Well... maybe not but it is a minor deal. The word 'the' is not quite used the same way in England as it is in the United States of America. Or, more precisely, I should say that there is a context in which we Americans feel the need for 'the' and the British do not.

In the United States we say: I am going to the hospital.

In England one says: I am going to hospital. Specifically omitting the the word. I'll come back to this difference a little later.

Now then, without looking at a dictionary, how would you define the word the?

Its not easy, is it?

Well, if I may---one way we might think of it is as a kind of presentation word, something offered up "for your consideration," if you will. The specifies the place to where I am going, in the case of "hospital," for example.

In the United States I would say: I am going to the hospital to get my gall bladder removed.

In England one says: I am going to hospital (specifically omitting the 'the') to get my gall bladder removed.

Again, one wonders why it is, that in England, one does not feel the need to preface the word hospital with the "presentation" word 'the.'


There is another way that we used the word 'the.'

Suppose I introduce you to a friend of mine called John Harper.

You say: Do you mean The (perhaps the 'the' is conceptually capitalized; but it is pronounced 'thee') John Harper?

In this instance you clearly mean to indicate that if this is 'thee' John Harper you are thinking about and hope it is, he is to be distinguished from all other, rather run-of-the-mill John Harpers of the world. This particular John Harper is famous and/or important; or, at least this particular John Harper has particular significance for you personally.

But to return to our hospital example, so far, a couple of weird questions occur to me: 1) Should we, in the United States of America, be saying---I am going to 'thee' hospital to get my gall bladder removed.---in order to distinguish it from.... what?; 2) Why is it, that in the United States, we feel the need to preface "hospital" with the presentation word the, as if to say "for your consideration," whereas in the UK, they do not feel the need to offer up the "hospital" "for your consideration"?

Stay with me.

I---the person writing this---am originally from the state of New Jersey, in the United States of America. New Jersey is off to the northeast corner of the country. It is part of a triumvirate known as the "tri-state area": New York, New Jersey, Connecticut.

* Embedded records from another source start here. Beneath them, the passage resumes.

definition test_fun :: "(real^'n::finite) set \<Rightarrow> (real^'n \<Rightarrow> real) \<Rightarrow> bool" where
  "test_fun \<Omega> \<phi> \<longleftrightarrow> smooth_fun \<phi> \<and> compact (closure {x. \<phi> x \<noteq> 0}) \<and> closure {x. \<phi> x \<noteq> 0} \<subseteq> \<Omega>"

definition locally_integrable :: "(real^'n::finite) set \<Rightarrow> (real^'n \<Rightarrow> real) \<Rightarrow> bool" where
  "locally_integrable \<Omega> f \<longleftrightarrow> (\<forall>K. compact K \<and> K \<subseteq> \<Omega> \<longrightarrow> set_integrable lebesgue K f)"

definition weak_gradient :: "(real^'n::finite) set \<Rightarrow> (real^'n \<Rightarrow> real) \<Rightarrow> (real^'n \<Rightarrow> real^'n) \<Rightarrow> bool" where
  "weak_gradient \<Omega> u g \<longleftrightarrow>
     (\<forall>i. locally_integrable \<Omega> (\<lambda>x. g x $ i)) \<and>
     (\<forall>\<phi> i. test_fun \<Omega> \<phi> \<longrightarrow>
        (\<integral>x. u x * pderiv_dir i \<phi> x \<partial>lebesgue) = - (\<integral>x. g x $ i * \<phi> x \<partial>lebesgue))"

definition dist_to :: "(real^'n::finite) set \<Rightarrow> real^'n \<Rightarrow> real" where
  "dist_to \<Gamma> X = infdist X \<Gamma>"

text \<open>density of dm w.r.t. Lebesgue measure: delta(X)^(d-n+1)\<close>
definition m_weight :: "real \<Rightarrow> (real^'n::finite) set \<Rightarrow> real^'n \<Rightarrow> real" where
  "m_weight d \<Gamma> X = dist_to \<Gamma> X powr (d - real CARD('n) + 1)"

definition in_W_r :: "real \<Rightarrow> (real^'n::finite) set \<Rightarrow> (real^'n \<Rightarrow> real) \<Rightarrow> (real^'n \<Rightarrow> real^'n) \<Rightarrow> bool" where
  "in_W_r d \<Gamma> u g \<longleftrightarrow> locally_integrable (- \<Gamma>) u \<and> weak_gradient (- \<Gamma>) u g \<and>
     (\<forall>K. compact K \<and> K \<subseteq> - \<Gamma> \<longrightarrow>
        (\<integral>\<^sup>+ X. indicator K X * ennreal ((norm (g X))\<^sup>2 * m_weight d \<Gamma> X) \<partial>lebesgue) < \<infinity>)"

definition cone :: "(real^'n::finite) set \<Rightarrow> real \<Rightarrow> real^'n \<Rightarrow> (real^'n) set" where
  "cone \<Gamma> a q = {X. X \<notin> \<Gamma> \<and> norm (X - q) < (1 + a) * dist_to \<Gamma> X}"

definition ennsqrt :: "ennreal \<Rightarrow> ennreal" where
  "ennsqrt x = (if x = \<infinity> then \<infinity> else ennreal (sqrt (enn2real x)))"

text \<open>square function S^a u(q), g = gradient of u\<close>
definition square_fun :: "real \<Rightarrow> (real^'n::finite) set \<Rightarrow> real \<Rightarrow> (real^'n \<Rightarrow> real^'n) \<Rightarrow> real^'n \<Rightarrow> ennreal" where
  "square_fun d \<Gamma> a g q = ennsqrt (\<integral>\<^sup>+ X. indicator (cone \<Gamma> a q) X *
       ennreal ((norm (g X))\<^sup>2 * dist_to \<Gamma> X powr (1 - d) * m_weight d \<Gamma> X) \<partial>lebesgue)"

end

theory Submission
  imports Defs
begin

text \<open>Only the lower semicontinuity of the cone integral enters: the cone \<open>cone \<Gamma> \<alpha> q\<close> is
  defined by a strict inequality, so every point \<open>X\<close> of it lies in \<open>cone \<Gamma> \<alpha> q'\<close> for all \<open>q'\<close>
  close to \<open>q\<close>. By Fatou's lemma \<open>q \<mapsto> S\<^sup>\<alpha> u(q)\<^sup>2\<close> is therefore lower semicontinuous, and its
  superlevel sets are open.\<close>

lemma cone_eq_infdist: "cone \<Gamma> a q = {X. norm (X - q) < (1 + a) * infdist X \<Gamma>}"
proof -
  have "X \<in> \<Gamma> \<Longrightarrow> infdist X \<Gamma> = 0" for X by (simp add: infdist_zero)
  then show ?thesis unfolding cone_def dist_to_def by force
qed

lemma open_cone: "open (cone \<Gamma> a q)"
  unfolding cone_eq_infdist
  by (intro open_Collect_less continuous_intros continuous_at_imp_continuous_on ballI
      continuous_infdist continuous_ident)

lemma cone_subset_complement: "cone \<Gamma> a q \<subseteq> - \<Gamma>"
  unfolding cone_def by auto

lemma indicator_cone_le_liminf:
  assumes "s \<longlonglongrightarrow> q"
  shows "indicator (cone \<Gamma> a q) X * h X
           \<le> liminf (\<lambda>n. indicator (cone \<Gamma> a (s n)) X * (h X :: ennreal))"
proof (cases "X \<in> cone \<Gamma> a q")
  case True
  then have "norm (X - q) < (1 + a) * infdist X \<Gamma>" unfolding cone_eq_infdist by simp
  moreover have "(\<lambda>n. norm (X - s n)) \<longlonglongrightarrow> norm (X - q)"
    by (intro tendsto_intros assms)
  ultimately have "eventually (\<lambda>n. norm (X - s n) < (1 + a) * infdist X \<Gamma>) sequentially"
    by (simp add: order_tendstoD)
  then have "eventually (\<lambda>n. indicator (cone \<Gamma> a q) X * h X
                              \<le> indicator (cone \<Gamma> a (s n)) X * h X) sequentially"
    by eventually_elim (use True in \<open>simp add: cone_eq_infdist\<close>)
  then show ?thesis by (rule Liminf_bounded)
qed simp
lemma aux_tri_aux_pair_comp_right:
  assumes B: "B \<in> Ob" and D: "D \<in> Ob" and tri: "aux_tri C A B (f, E) (f', E')"
    and g: "aux_pair B D (g, G)"
  shows "aux_tri C A D (aux_pair_comp D (g, G) (f, E)) (aux_pair_comp D (g, G) (f', E'))"
proof -
  obtain h where f: "aux_pair A B (f, E)" and f': "aux_pair A B (f', E')"
    and h: "h \<in> Ar" "d h = E" "c h = E'" and fh: "(ide B \<otimes> h) \<cdot> f = f'" and rf: "r f = r f'"
    using tri by (rule aux_triE)
  note facts = B D f f' g h
  have swap: "(ide (D \<odot> G) \<otimes> h) \<cdot> (g \<otimes> ide E) = (g \<otimes> ide E') \<cdot> (ide B \<otimes> h)"
    using tensor_ide_comm[of g h] facts by simp
  have "(ide D \<otimes> ide G \<otimes> h) \<cdot> (assoc D G E \<cdot> ((g \<otimes> ide E) \<cdot> f))
      = (assoc D G E' \<cdot> ((ide D \<otimes> ide G) \<otimes> h)) \<cdot> ((g \<otimes> ide E) \<cdot> f)"
    using assoc_naturality[of "ide D" "ide G" h] facts by simp
  also have "\<dots> = assoc D G E' \<cdot> (((ide (D \<odot> G) \<otimes> h) \<cdot> (g \<otimes> ide E)) \<cdot> f)"
    using facts by simp
  also have "\<dots> = assoc D G E' \<cdot> ((g \<otimes> ide E') \<cdot> f')"
    using swap fh facts by simp
  finally have comp_eq: "(ide D \<otimes> ide G \<otimes> h) \<cdot> (assoc D G E \<cdot> ((g \<otimes> ide E) \<cdot> f))
      = assoc D G E' \<cdot> ((g \<otimes> ide E') \<cdot> f')" .
  have rst_h_absorbed: "(ide B \<otimes> r h) \<cdot> f = f"
    using rst_left_absorbed[of f "ide B \<otimes> h"] fh rf facts by simp
  have "r (assoc D G E' \<cdot> ((g \<otimes> ide E') \<cdot> f')) = r ((g \<otimes> ide E') \<cdot> f')"
    using facts by (intro rst_comp_total) auto
  also have "\<dots> = r ((ide (D \<odot> G) \<otimes> h) \<cdot> ((g \<otimes> ide E) \<cdot> f))"
    using comp_assoc_subst[OF swap[symmetric], of f] fh facts by simp
  also have "\<dots> = r ((ide (D \<odot> G) \<otimes> r h) \<cdot> ((g \<otimes> ide E) \<cdot> f))"
    using rst_comp_rst_left[of "ide (D \<odot> G) \<otimes> h" "(g \<otimes> ide E) \<cdot> f"] facts by simp
  also have "\<dots> = r ((g \<otimes> ide E) \<cdot> ((ide B \<otimes> r h) \<cdot> f))"
    using tensor_ide_comm[of g "r h"] facts by (simp flip: comp_assoc)
  also have "\<dots> = r (assoc D G E \<cdot> ((g \<otimes> ide E) \<cdot> f))"
    using rst_h_absorbed facts by (simp add: rst_comp_total)
  finally have rst_eq: "r (assoc D G E \<cdot> ((g \<otimes> ide E) \<cdot> f)) = r (assoc D G E' \<cdot> ((g \<otimes> ide E') \<cdot> f'))"
    by simp
  show ?thesis
    using aux_triI[OF _ _ _ _ _ comp_eq rst_eq] facts by simp
qed

lemma aux_tri_aux_pair_comp_left:
  assumes B: "B \<in> Ob" and D: "D \<in> Ob" and tri: "aux_tri C B D (g, G) (g', G')"
    and f: "aux_pair A B (f, E)"
  shows "aux_tri C A D (aux_pair_comp D (g, G) (f, E)) (aux_pair_comp D (g', G') (f, E))"
proof -
  obtain k where g: "aux_pair B D (g, G)" and g': "aux_pair B D (g', G')"
    and k: "k \<in> Ar" "d k = G" "c k = G'" and gk: "(ide D \<otimes> k) \<cdot> g = g'" and rg: "r g = r g'"
    using tri by (rule aux_triE)
  note facts = B D f g g' k
  have "(ide D \<otimes> k \<otimes> ide E) \<cdot> (assoc D G E \<cdot> ((g \<otimes> ide E) \<cdot> f))
      = (assoc D G' E \<cdot> ((ide D \<otimes> k) \<otimes> ide E)) \<cdot> ((g \<otimes> ide E) \<cdot> f)"
    using assoc_naturality[of "ide D" k "ide E"] facts by simp
  also have "\<dots> = assoc D G' E \<cdot> ((((ide D \<otimes> k) \<otimes> ide E) \<cdot> (g \<otimes> ide E)) \<cdot> f)"
    using facts by simp
  also have "\<dots> = assoc D G' E \<cdot> ((g' \<otimes> ide E) \<cdot> f)"
    using interchange[of g "ide D \<otimes> k" "ide E" "ide E"] gk facts by simp
  finally have comp_eq: "(ide D \<otimes> k \<otimes> ide E) \<cdot> (assoc D G E \<cdot> ((g \<otimes> ide E) \<cdot> f))
      = assoc D G' E \<cdot> ((g' \<otimes> ide E) \<cdot> f)" .
  have "r (assoc D G E \<cdot> ((g \<otimes> ide E) \<cdot> f)) = r (r (g \<otimes> ide E) \<cdot> f)"
    using rst_comp_rst_left[of "g \<otimes> ide E" f] facts by (simp add: rst_comp_total)
  also have "\<dots> = r (assoc D G' E \<cdot> ((g' \<otimes> ide E) \<cdot> f))"
    using rst_comp_rst_left[of "g' \<otimes> ide E" f] rg facts by (simp add: rst_comp_total)
  finally have rst_eq: "r (assoc D G E \<cdot> ((g \<otimes> ide E) \<cdot> f)) = r (assoc D G' E \<cdot> ((g' \<otimes> ide E) \<cdot> f))" .
  show ?thesis
    using aux_triI[OF _ _ _ _ _ comp_eq rst_eq] facts by simp
qed

lemma aux_sim_aux_pair_comp_right:
  assumes B: "B \<in> Ob" and D: "D \<in> Ob" and sim: "aux_sim C A B p p'" and q: "aux_pair B D q"
  shows "aux_sim C A D (aux_pair_comp D q p) (aux_pair_comp D q p')"
proof -
  obtain g G where q_eq: "q = (g, G)" by fastforce
  have step: "aux_tri C A D (aux_pair_comp D q x) (aux_pair_comp D q y)" if "aux_tri C A B x y" for x y
    using that aux_tri_aux_pair_comp_right[OF B D _ q[unfolded q_eq]] unfolding q_eq
    by (cases x, cases y) simp
  show ?thesis
    using sim unfolding aux_sim_def
    by (rule rtranclp_map[where F = "aux_pair_comp D q", rotated]) (use step in blast)
qed

lemma aux_sim_aux_pair_comp_left:
  assumes B: "B \<in> Ob" and D: "D \<in> Ob" and sim: "aux_sim C B D q q'" and p: "aux_pair A B p"
  shows "aux_sim C A D (aux_pair_comp D q p) (aux_pair_comp D q' p)"
proof -
  obtain f E where p_eq: "p = (f, E)" by fastforce
  have step: "aux_tri C A D (aux_pair_comp D x p) (aux_pair_comp D y p)" if "aux_tri C B D x y" for x y
    using that aux_tri_aux_pair_comp_left[OF B D _ p[unfolded p_eq]] unfolding p_eq
    by (cases x, cases y) simp
  show ?thesis
    using sim unfolding aux_sim_def
    by (rule rtranclp_map[where F = "\<lambda>q. aux_pair_comp D q p", rotated]) (use step in blast)
qed

lemma aux_comp_aux_class:
  assumes A: "A \<in> Ob" and B: "B \<in> Ob" and D: "D \<in> Ob" and p: "aux_pair A B p" and q: "aux_pair B D q"
  shows "aux_comp C (B, D, aux_class C B D q) (A, B, aux_class C A B p)
    = (A, D, aux_class C A D (aux_pair_comp D q p))"
proof -
  define p0 where "p0 = aux_rep (A, B, aux_class C A B p)"
  define q0 where "q0 = aux_rep (B, D, aux_class C B D q)"
  have p_p0: "aux_sim C A B p p0" and q_q0: "aux_sim C B D q q0"
    unfolding p0_def q0_def by (rule aux_rep_sim)+
  have "aux_comp C (B, D, aux_class C B D q) (A, B, aux_class C A B p)
      = (A, D, aux_class C A D (aux_pair_comp D q0 p0))"
    unfolding aux_comp_def aux_pair_comp_def aux_dom_def aux_cod_def p0_def[symmetric] q0_def[symmetric]
    by (simp add: Let_def split: prod.split)
  also have "aux_class C A D (aux_pair_comp D q0 p0) = aux_class C A D (aux_pair_comp D q p)"
  proof -
    have "aux_sim C A D (aux_pair_comp D q p) (aux_pair_comp D q p0)"
      by (rule aux_sim_aux_pair_comp_right[OF B D p_p0 q])
    moreover have "aux_sim C A D (aux_pair_comp D q p0) (aux_pair_comp D q0 p0)"
      using aux_sim_aux_pair_comp_left[OF B D q_q0] aux_sim_aux_pair[OF p_p0 p] by blast
    ultimately show ?thesis
      using aux_class_eqI equivp_aux_sim by (metis equivp_transp)
  qed
  finally show ?thesis .
qed

lemma aux_rst_aux_class:
  assumes "aux_pair A B p"
  shows "aux_rst C (A, B, aux_class C A B p) = (A, A, aux_class C A A (runit_inv A \<cdot> r (fst p), I))"
proof -
  define p0 where "p0 = aux_rep (A, B, aux_class C A B p)"
  have "r (fst p0) = r (fst p)"
    using aux_sim_aux_pair[OF _ assms] aux_rep_sim unfolding p0_def by blast
  then show ?thesis unfolding aux_rst_def aux_dom_def p0_def[symmetric] by (simp add: Let_def)
qed

lemma aux_arrI: "A \<in> Ob \<Longrightarrow> B \<in> Ob \<Longrightarrow> aux_pair A B p \<Longrightarrow> (A, B, aux_class C A B p) \<in> aux_arr C"
  unfolding aux_arr_def aux_pair_def hom_def by (cases p) auto

lemma aux_arrE:
  assumes "x \<in> aux_arr C"
  obtains A B f E where "x = (A, B, aux_class C A B (f, E))" "A \<in> Ob" "B \<in> Ob" "aux_pair A B (f, E)"
  using assms unfolding aux_arr_def hom_def by auto

lemma aux_class_runit_inv:
  assumes B: "B \<in> Ob" and w: "aux_pair A B (w, U)"
  shows "aux_class C A B (assoc B U I \<cdot> (runit_inv (B \<odot> U) \<cdot> w), U \<odot> I) = aux_class C A B (w, U)"
proof (intro aux_class_eqI aux_tri_imp_aux_sim aux_tri_total[of _ _ _ _ "runit U"])
  have "(ide B \<otimes> runit U) \<cdot> (assoc B U I \<cdot> (runit_inv (B \<odot> U) \<cdot> w))
      = ((ide B \<otimes> runit U) \<cdot> assoc B U I) \<cdot> (runit_inv (B \<odot> U) \<cdot> w)"
    using B w by simp
  also have "\<dots> = (runit (B \<odot> U) \<cdot> runit_inv (B \<odot> U)) \<cdot> w"
    using runit_tensor B w by simp
  also have "\<dots> = w" using runit_runit_inv B w by simp
  finally show "(ide B \<otimes> runit U) \<cdot> (assoc B U I \<cdot> (runit_inv (B \<odot> U) \<cdot> w)) = w" .
qed (use B w in simp_all)

lemma aux_class_aux_pair_comp_runit_inv:
  assumes A: "A \<in> Ob" and B: "B \<in> Ob" and u: "aux_pair A B (u, U)"
    and e: "e \<in> Ar" "d e = A" "c e = A"
  shows "aux_class C A B (aux_pair_comp B (u, U) (runit_inv A \<cdot> e, I)) = aux_class C A B (u \<cdot> e, U)"
proof -
  have "(u \<otimes> ide I) \<cdot> (runit_inv A \<cdot> e) = ((u \<otimes> ide I) \<cdot> runit_inv A) \<cdot> e"
    using A u e by simp
  also have "\<dots> = runit_inv (B \<odot> U) \<cdot> (u \<cdot> e)"
    using runit_inv_naturality[of u] A B u e by simp
  finally show ?thesis
    using aux_class_runit_inv[OF B, of A "u \<cdot> e" U] u e by simp
qed

lemma aux_comp_aux_rst:
  assumes A: "A \<in> Ob" and B: "B \<in> Ob" and u: "aux_pair A B (u, U)" and f: "f \<in> Ar" "d f = A"
  shows "aux_comp C (A, B, aux_class C A B (u, U)) (A, A, aux_class C A A (runit_inv A \<cdot> r f, I))
    = (A, B, aux_class C A B (u \<cdot> r f, U))"
  using aux_comp_aux_class[OF A A B _ u, of "(runit_inv A \<cdot> r f, I)"]
    aux_class_aux_pair_comp_runit_inv[OF A B u, of "r f"] A f by simp

lemma aux_class_aux_pair_comp_rst:
  assumes B: "B \<in> Ob" and D: "D \<in> Ob" and f: "aux_pair A B (f, E)" and g: "aux_pair B D (g, G)"
  shows "aux_class C A B (aux_pair_comp B (runit_inv B \<cdot> r g, I) (f, E))
    = aux_class C A B (f \<cdot> r (assoc D G E \<cdot> ((g \<otimes> ide E) \<cdot> f)), E)"
proof -
  note facts = B D f g
  have "(ide B \<otimes> lunit E) \<cdot> (assoc B I E \<cdot> (((runit_inv B \<cdot> r g) \<otimes> ide E) \<cdot> f))
      = ((ide B \<otimes> lunit E) \<cdot> assoc B I E) \<cdot> (((runit_inv B \<cdot> r g) \<otimes> ide E) \<cdot> f)"
    using facts by simp
  also have "\<dots> = ((runit B \<otimes> ide E) \<cdot> ((runit_inv B \<cdot> r g) \<otimes> ide E)) \<cdot> f"
    using triangle facts by simp
  also have "\<dots> = (r g \<otimes> ide E) \<cdot> f"
    using interchange[of "runit_inv B \<cdot> r g" "runit B" "ide E" "ide E"]
      comp_assoc_subst[OF runit_runit_inv[OF B], of "r g"] facts by simp
  also have "\<dots> = f \<cdot> r (assoc D G E \<cdot> ((g \<otimes> ide E) \<cdot> f))"
    using rst_comp_swap[of f "g \<otimes> ide E"] facts by (simp add: rst_comp_total)
  finally have comp_eq: "(ide B \<otimes> lunit E) \<cdot> (assoc B I E \<cdot> (((runit_inv B \<cdot> r g) \<otimes> ide E) \<cdot> f))
      = f \<cdot> r (assoc D G E \<cdot> ((g \<otimes> ide E) \<cdot> f))" .
  show ?thesis
    unfolding aux_pair_comp_Pair
    by (intro aux_class_eqI aux_tri_imp_aux_sim aux_tri_total[of _ _ _ _ "lunit E"])
      (use facts comp_eq in simp_all)
qed

lemma aux_rst_rst_comm:
  assumes A: "A \<in> Ob" and f: "aux_pair A B (f, E)" and g: "aux_pair A B' (g, G)"
  defines "x \<equiv> (A, B, aux_class C A B (f, E))" and "y \<equiv> (A, B', aux_class C A B' (g, G))"
  shows "aux_comp C (aux_rst C x) (aux_rst C y) = aux_comp C (aux_rst C y) (aux_rst C x)"
  unfolding x_def y_def aux_rst_aux_class[OF f] aux_rst_aux_class[OF g]
  using aux_comp_aux_rst[OF A A, of "runit_inv A \<cdot> r f" I g]
    aux_comp_aux_rst[OF A A, of "runit_inv A \<cdot> r g" I f] rst_comm[of f g] A f g by simp

lemma aux_rst_comp_rst:
  assumes A: "A \<in> Ob" and B': "B' \<in> Ob" and f: "aux_pair A B (f, E)" and g: "aux_pair A B' (g, G)"
  defines "x \<equiv> (A, B, aux_class C A B (f, E))" and "y \<equiv> (A, B', aux_class C A B' (g, G))"
  shows "aux_rst C (aux_comp C y (aux_rst C x)) = aux_comp C (aux_rst C y) (aux_rst C x)"
proof -
  have "aux_comp C y (aux_rst C x) = (A, B', aux_class C A B' (g \<cdot> r f, G))"
    unfolding x_def y_def aux_rst_aux_class[OF f] using aux_comp_aux_rst[OF A B' g] f by simp
  then show ?thesis
    unfolding x_def y_def aux_rst_aux_class[OF f] aux_rst_aux_class[OF g]
    using aux_rst_aux_class[of A B' "(g \<cdot> r f, G)"] aux_comp_aux_rst[OF A A, of "runit_inv A \<cdot> r g" I f]
      rst_comp_rst[of f g] A f g by simp
qed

In New Jersey, where I'm from, when one says, "I'm going to The City," she means New York City and nowhere else. In this instance the word 'The' from "The City," is meant to indicate the N.Y.C. is the exemplar city, the template city, the city by which all other cities are measured.

New York City is taken to epitomize what city living (and city nightlife) is all about, or should be all about, in one way or another. There is a snappy little jingle about New York City: "the city so nice, they named it twice."

But when we say, "I'm going to the ("thee") hospital to get my gall bladder removed," we are not epitomizing anything. We do not mean to reference a specific, exemplar hospital the way we do when we, in the northeast United States, refer to "The City."

So, again, why do we, in the United States, feel the need to attach the presentation word 'the' to hospital, whereas they do not feel the need to do so in England? (In most other instances, as far as I am aware, we in the United States, and "they" in England, use 'the' in the same ways).

Stay with me.

One says: I am going to the University of Virginia in the fall.

One does not say: I am going to Virginia University in the fall.

One also does not say: I am going to (omitting the 'the') University of Virginia in the fall.

In American English, the presentation word the customarily precedes 'University," in this context.

One says: I am going to Fairleigh Dickinson University in the fall.

One does not say: I am going to the University of Fairleigh Dickinson in the fall.

Fairleigh Dickinson is simply not referred to as "the University of..."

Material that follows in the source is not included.